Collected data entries
[Start of section]

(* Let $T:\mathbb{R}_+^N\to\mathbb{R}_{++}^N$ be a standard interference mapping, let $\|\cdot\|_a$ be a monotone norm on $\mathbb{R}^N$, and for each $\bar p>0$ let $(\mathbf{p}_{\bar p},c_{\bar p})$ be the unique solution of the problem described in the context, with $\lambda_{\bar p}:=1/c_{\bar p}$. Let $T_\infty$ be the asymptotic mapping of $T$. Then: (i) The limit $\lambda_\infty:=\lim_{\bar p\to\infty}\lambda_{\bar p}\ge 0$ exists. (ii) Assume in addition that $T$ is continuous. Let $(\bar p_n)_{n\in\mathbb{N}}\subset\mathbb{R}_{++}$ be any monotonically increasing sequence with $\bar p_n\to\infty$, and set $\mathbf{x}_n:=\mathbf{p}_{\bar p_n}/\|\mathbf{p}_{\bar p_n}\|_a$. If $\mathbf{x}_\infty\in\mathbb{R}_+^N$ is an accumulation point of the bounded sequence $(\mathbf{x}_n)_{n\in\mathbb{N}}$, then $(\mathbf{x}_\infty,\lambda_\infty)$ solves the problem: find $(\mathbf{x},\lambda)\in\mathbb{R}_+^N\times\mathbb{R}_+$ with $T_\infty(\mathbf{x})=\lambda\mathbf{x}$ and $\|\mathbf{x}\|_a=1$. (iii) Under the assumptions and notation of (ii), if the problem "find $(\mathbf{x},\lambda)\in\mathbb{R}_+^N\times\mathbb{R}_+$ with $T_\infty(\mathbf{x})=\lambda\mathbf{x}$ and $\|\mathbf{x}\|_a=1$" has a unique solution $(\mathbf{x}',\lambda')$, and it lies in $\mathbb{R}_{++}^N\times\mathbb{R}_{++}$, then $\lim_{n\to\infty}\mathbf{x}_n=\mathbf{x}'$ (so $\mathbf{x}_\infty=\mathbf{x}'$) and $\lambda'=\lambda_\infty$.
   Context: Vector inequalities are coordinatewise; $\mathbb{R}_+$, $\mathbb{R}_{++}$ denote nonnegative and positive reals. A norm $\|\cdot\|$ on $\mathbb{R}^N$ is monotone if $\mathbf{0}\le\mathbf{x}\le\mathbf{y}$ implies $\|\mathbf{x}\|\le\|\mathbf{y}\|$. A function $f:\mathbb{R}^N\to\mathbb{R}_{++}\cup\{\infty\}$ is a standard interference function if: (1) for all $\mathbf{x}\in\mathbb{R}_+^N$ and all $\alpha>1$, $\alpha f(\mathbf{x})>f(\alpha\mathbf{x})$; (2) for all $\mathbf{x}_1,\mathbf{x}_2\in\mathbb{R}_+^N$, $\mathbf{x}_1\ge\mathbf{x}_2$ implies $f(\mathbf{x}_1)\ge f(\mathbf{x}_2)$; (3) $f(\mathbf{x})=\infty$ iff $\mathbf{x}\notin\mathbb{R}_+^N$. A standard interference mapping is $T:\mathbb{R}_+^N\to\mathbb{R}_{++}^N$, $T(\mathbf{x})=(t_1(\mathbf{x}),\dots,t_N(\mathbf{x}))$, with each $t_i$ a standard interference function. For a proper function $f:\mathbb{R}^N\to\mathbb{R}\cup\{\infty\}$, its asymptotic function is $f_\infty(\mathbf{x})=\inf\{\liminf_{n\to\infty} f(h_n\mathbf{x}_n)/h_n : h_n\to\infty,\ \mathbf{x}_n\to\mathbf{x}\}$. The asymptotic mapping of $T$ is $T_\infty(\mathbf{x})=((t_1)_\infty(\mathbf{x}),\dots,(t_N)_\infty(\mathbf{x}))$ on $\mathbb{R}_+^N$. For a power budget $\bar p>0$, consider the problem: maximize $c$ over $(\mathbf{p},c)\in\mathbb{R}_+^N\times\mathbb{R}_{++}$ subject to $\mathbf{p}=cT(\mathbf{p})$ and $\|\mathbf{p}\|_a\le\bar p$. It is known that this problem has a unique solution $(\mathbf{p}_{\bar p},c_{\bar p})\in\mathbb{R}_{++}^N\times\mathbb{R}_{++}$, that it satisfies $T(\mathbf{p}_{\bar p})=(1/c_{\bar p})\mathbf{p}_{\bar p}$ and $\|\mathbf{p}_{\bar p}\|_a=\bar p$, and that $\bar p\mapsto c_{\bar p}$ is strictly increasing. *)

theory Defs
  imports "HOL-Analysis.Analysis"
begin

[End of section]

* PROBLEM:
Transcribe the records above with every character unchanged.

* YOUR RESPONSE:
(* Let $T:\mathbb{R}_+^N\to\mathbb{R}_{++}^N$ be a standard interference mapping, let $\|\cdot\|_a$ be a monotone norm on $\mathbb{R}^N$, and for each $\bar p>0$ let $(\mathbf{p}_{\bar p},c_{\bar p})$ be the unique solution of the problem described in the context, with $\lambda_{\bar p}:=1/c_{\bar p}$. Let $T_\infty$ be the asymptotic mapping of $T$. Then: (i) The limit $\lambda_\infty:=\lim_{\bar p\to\infty}\lambda_{\bar p}\ge 0$ exists. (ii) Assume in addition that $T$ is continuous. Let $(\bar p_n)_{n\in\mathbb{N}}\subset\mathbb{R}_{++}$ be any monotonically increasing sequence with $\bar p_n\to\infty$, and set $\mathbf{x}_n:=\mathbf{p}_{\bar p_n}/\|\mathbf{p}_{\bar p_n}\|_a$. If $\mathbf{x}_\infty\in\mathbb{R}_+^N$ is an accumulation point of the bounded sequence $(\mathbf{x}_n)_{n\in\mathbb{N}}$, then $(\mathbf{x}_\infty,\lambda_\infty)$ solves the problem: find $(\mathbf{x},\lambda)\in\mathbb{R}_+^N\times\mathbb{R}_+$ with $T_\infty(\mathbf{x})=\lambda\mathbf{x}$ and $\|\mathbf{x}\|_a=1$. (iii) Under the assumptions and notation of (ii), if the problem "find $(\mathbf{x},\lambda)\in\mathbb{R}_+^N\times\mathbb{R}_+$ with $T_\infty(\mathbf{x})=\lambda\mathbf{x}$ and $\|\mathbf{x}\|_a=1$" has a unique solution $(\mathbf{x}',\lambda')$, and it lies in $\mathbb{R}_{++}^N\times\mathbb{R}_{++}$, then $\lim_{n\to\infty}\mathbf{x}_n=\mathbf{x}'$ (so $\mathbf{x}_\infty=\mathbf{x}'$) and $\lambda'=\lambda_\infty$.
   Context: Vector inequalities are coordinatewise; $\mathbb{R}_+$, $\mathbb{R}_{++}$ denote nonnegative and positive reals. A norm $\|\cdot\|$ on $\mathbb{R}^N$ is monotone if $\mathbf{0}\le\mathbf{x}\le\mathbf{y}$ implies $\|\mathbf{x}\|\le\|\mathbf{y}\|$. A function $f:\mathbb{R}^N\to\mathbb{R}_{++}\cup\{\infty\}$ is a standard interference function if: (1) for all $\mathbf{x}\in\mathbb{R}_+^N$ and all $\alpha>1$, $\alpha f(\mathbf{x})>f(\alpha\mathbf{x})$; (2) for all $\mathbf{x}_1,\mathbf{x}_2\in\mathbb{R}_+^N$, $\mathbf{x}_1\ge\mathbf{x}_2$ implies $f(\mathbf{x}_1)\ge f(\mathbf{x}_2)$; (3) $f(\mathbf{x})=\infty$ iff $\mathbf{x}\notin\mathbb{R}_+^N$. A standard interference mapping is $T:\mathbb{R}_+^N\to\mathbb{R}_{++}^N$, $T(\mathbf{x})=(t_1(\mathbf{x}),\dots,t_N(\mathbf{x}))$, with each $t_i$ a standard interference function. For a proper function $f:\mathbb{R}^N\to\mathbb{R}\cup\{\infty\}$, its asymptotic function is $f_\infty(\mathbf{x})=\inf\{\liminf_{n\to\infty} f(h_n\mathbf{x}_n)/h_n : h_n\to\infty,\ \mathbf{x}_n\to\mathbf{x}\}$. The asymptotic mapping of $T$ is $T_\infty(\mathbf{x})=((t_1)_\infty(\mathbf{x}),\dots,(t_N)_\infty(\mathbf{x}))$ on $\mathbb{R}_+^N$. For a power budget $\bar p>0$, consider the problem: maximize $c$ over $(\mathbf{p},c)\in\mathbb{R}_+^N\times\mathbb{R}_{++}$ subject to $\mathbf{p}=cT(\mathbf{p})$ and $\|\mathbf{p}\|_a\le\bar p$. It is known that this problem has a unique solution $(\mathbf{p}_{\bar p},c_{\bar p})\in\mathbb{R}_{++}^N\times\mathbb{R}_{++}$, that it satisfies $T(\mathbf{p}_{\bar p})=(1/c_{\bar p})\mathbf{p}_{\bar p}$ and $\|\mathbf{p}_{\bar p}\|_a=\bar p$, and that $\bar p\mapsto c_{\bar p}$ is strictly increasing. *)

theory Defs
  imports "HOL-Analysis.Analysis"
begin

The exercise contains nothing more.